◆ **Task brief**:
Every line from the one with "(Exs xs f) = fm_consts" to the one with "(\<exists>g. (\<forall>j<k. g", including those two, is to be copied exactly; all other lines of the entries below are left out.

◆ **Material provided**:

==*==

lemma fm_consts_map_fm [simp]: "fm_consts (map_fm g f) = g ` fm_consts f"
  by (induction f) (auto simp: trm_case_eqs split: trm.split)

lemma qfree_map_fm [simp]: "qfree (map_fm g f) = qfree f"
  by (induction f) auto

lemma Exs_simps [simp]: "Exs [] f = f" "Exs (x # xs) f = Ex x (Exs xs f)"
  by (simp_all add: Exs_def)

lemma Alls_simps [simp]: "Alls [] f = f" "Alls (x # xs) f = All x (Alls xs f)"
  by (simp_all add: Alls_def)

lemma Exs_append: "Exs (xs @ ys) f = Exs xs (Exs ys f)"
  by (induction xs) auto

lemma Alls_append: "Alls (xs @ ys) f = Alls xs (Alls ys f)"
  by (induction xs) auto

lemma fv_Exs [simp]: "fv (Exs xs f) = fv f - set xs"
  by (induction xs) auto

lemma fv_Alls [simp]: "fv (Alls xs f) = fv f - set xs"
  by (induction xs) auto

lemma bv_Exs [simp]: "bv (Exs xs f) = bv f \<union> set xs"
  by (induction xs) auto

lemma bv_Alls [simp]: "bv (Alls xs f) = bv f \<union> set xs"
  by (induction xs) auto

lemma fm_consts_Exs [simp]: "fm_consts (Exs xs f) = fm_consts f"
  by (induction xs) auto

lemma fm_consts_Alls [simp]: "fm_consts (Alls xs f) = fm_consts f"
  by (induction xs) auto

lemma sat_Exs:
  "sat I e (Exs xs f) \<longleftrightarrow>
     (\<exists>e'. (\<forall>i. i \<notin> set xs \<longrightarrow> e' i = e i) \<and> (\<forall>i\<in>set xs. e' i \<in> Partitions) \<and> sat I e' f)"
proof (induction xs arbitrary: e)
  case Nil
  have "(\<forall>i. e' i = e i) \<longleftrightarrow> e' = e" for e' :: "nat \<Rightarrow> nat list" by auto
  then show ?case by simp
next
  case (Cons x xs)
  show ?case
  proof
    assume "sat I e (Exs (x # xs) f)"
    then obtain p e' where "p \<in> Partitions" "\<forall>i. i \<notin> set xs \<longrightarrow> e' i = (e(x := p)) i"
      "\<forall>i\<in>set xs. e' i \<in> Partitions" "sat I e' f"
      using Cons.IH by auto
    then show "\<exists>e'. (\<forall>i. i \<notin> set (x # xs) \<longrightarrow> e' i = e i) \<and>
        (\<forall>i\<in>set (x # xs). e' i \<in> Partitions) \<and> sat I e' f"
      by (intro exI[of _ e']) (auto split: if_splits)
  next
    assume "\<exists>e'. (\<forall>i. i \<notin> set (x # xs) \<longrightarrow> e' i = e i) \<and>
        (\<forall>i\<in>set (x # xs). e' i \<in> Partitions) \<and> sat I e' f"
    then obtain e' where e': "\<forall>i. i \<notin> set (x # xs) \<longrightarrow> e' i = e i"
      "\<forall>i\<in>set (x # xs). e' i \<in> Partitions" "sat I e' f"
      by blast
    have "sat I (e(x := e' x)) (Exs xs f)"
      unfolding Cons.IH using e' by (intro exI[of _ e']) auto
    then show "sat I e (Exs (x # xs) f)" using e' by auto
  qed
qed

lemma sat_Exs_upt:
  "sat I e (Exs [a..<a + k] f) \<longleftrightarrow>
     (\<exists>g. (\<forall>j<k. g j \<in> Partitions) \<and>
          sat I (\<lambda>i. if a \<le> i \<and> i < a + k then g (i - a) else e i) f)"
proof
  assume "sat I e (Exs [a..<a + k] f)"
  then obtain e' where e': "\<forall>i. i \<notin> {a..<a + k} \<longrightarrow> e' i = e i"
    "\<forall>i\<in>{a..<a + k}. e' i \<in> Partitions" "sat I e' f"
    unfolding sat_Exs by auto
  have "(\<lambda>i. if a \<le> i \<and> i < a + k then e' (a + (i - a)) else e i) = e'"
    using e'(1) by auto
  with e' show "\<exists>g. (\<forall>j<k. g j \<in> Partitions) \<and>
      sat I (\<lambda>i. if a \<le> i \<and> i < a + k then g (i - a) else e i) f"
    by (intro exI[of _ "\<lambda>j. e' (a + j)"]) auto
next
  assume "\<exists>g. (\<forall>j<k. g j \<in> Partitions) \<and>
      sat I (\<lambda>i. if a \<le> i \<and> i < a + k then g (i - a) else e i) f"
  then obtain g where "\<forall>j<k. g j \<in> Partitions"
    "sat I (\<lambda>i. if a \<le> i \<and> i < a + k then g (i - a) else e i) f"
    by blast
  then show "sat I e (Exs [a..<a + k] f)"
    unfolding sat_Exs by (intro exI[of _ "\<lambda>i. if a \<le> i \<and> i < a + k then g (i - a) else e i"]) auto
qed

lemma Exs_cong: "(\<And>e. sat I e A = sat I e B) \<Longrightarrow> sat I e (Exs xs A) = sat I e (Exs xs B)"
  by (induction xs arbitrary: e) auto

lemma Alls_cong: "(\<And>e. sat I e A = sat I e B) \<Longrightarrow> sat I e (Alls xs A) = sat I e (Alls xs B)"
  by (induction xs arbitrary: e) auto

lemma sat_Conj_Exs:
  assumes "set xs \<inter> fv A = {}"
  shows "sat I e (Conj A (Exs xs B)) \<longleftrightarrow> sat I e (Exs xs (Conj A B))"
  using assms
proof (induction xs arbitrary: e)
  case (Cons x xs)
  have "sat I (e(x := p)) A = sat I e A" for p by (rule sat_cong) (use Cons.prems in auto)
  with Cons show ?case by auto
qed simp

==*==

◆ **Output below**:
lemma fm_consts_Exs [simp]: "fm_consts (Exs xs f) = fm_consts f"
  by (induction xs) auto

lemma fm_consts_Alls [simp]: "fm_consts (Alls xs f) = fm_consts f"
  by (induction xs) auto

lemma sat_Exs:
  "sat I e (Exs xs f) \<longleftrightarrow>
     (\<exists>e'. (\<forall>i. i \<notin> set xs \<longrightarrow> e' i = e i) \<and> (\<forall>i\<in>set xs. e' i \<in> Partitions) \<and> sat I e' f)"
proof (induction xs arbitrary: e)
  case Nil
  have "(\<forall>i. e' i = e i) \<longleftrightarrow> e' = e" for e' :: "nat \<Rightarrow> nat list" by auto
  then show ?case by simp
next
  case (Cons x xs)
  show ?case
  proof
    assume "sat I e (Exs (x # xs) f)"
    then obtain p e' where "p \<in> Partitions" "\<forall>i. i \<notin> set xs \<longrightarrow> e' i = (e(x := p)) i"
      "\<forall>i\<in>set xs. e' i \<in> Partitions" "sat I e' f"
      using Cons.IH by auto
    then show "\<exists>e'. (\<forall>i. i \<notin> set (x # xs) \<longrightarrow> e' i = e i) \<and>
        (\<forall>i\<in>set (x # xs). e' i \<in> Partitions) \<and> sat I e' f"
      by (intro exI[of _ e']) (auto split: if_splits)
  next
    assume "\<exists>e'. (\<forall>i. i \<notin> set (x # xs) \<longrightarrow> e' i = e i) \<and>
        (\<forall>i\<in>set (x # xs). e' i \<in> Partitions) \<and> sat I e' f"
    then obtain e' where e': "\<forall>i. i \<notin> set (x # xs) \<longrightarrow> e' i = e i"
      "\<forall>i\<in>set (x # xs). e' i \<in> Partitions" "sat I e' f"
      by blast
    have "sat I (e(x := e' x)) (Exs xs f)"
      unfolding Cons.IH using e' by (intro exI[of _ e']) auto
    then show "sat I e (Exs (x # xs) f)" using e' by auto
  qed
qed

lemma sat_Exs_upt:
  "sat I e (Exs [a..<a + k] f) \<longleftrightarrow>
     (\<exists>g. (\<forall>j<k. g j \<in> Partitions) \<and>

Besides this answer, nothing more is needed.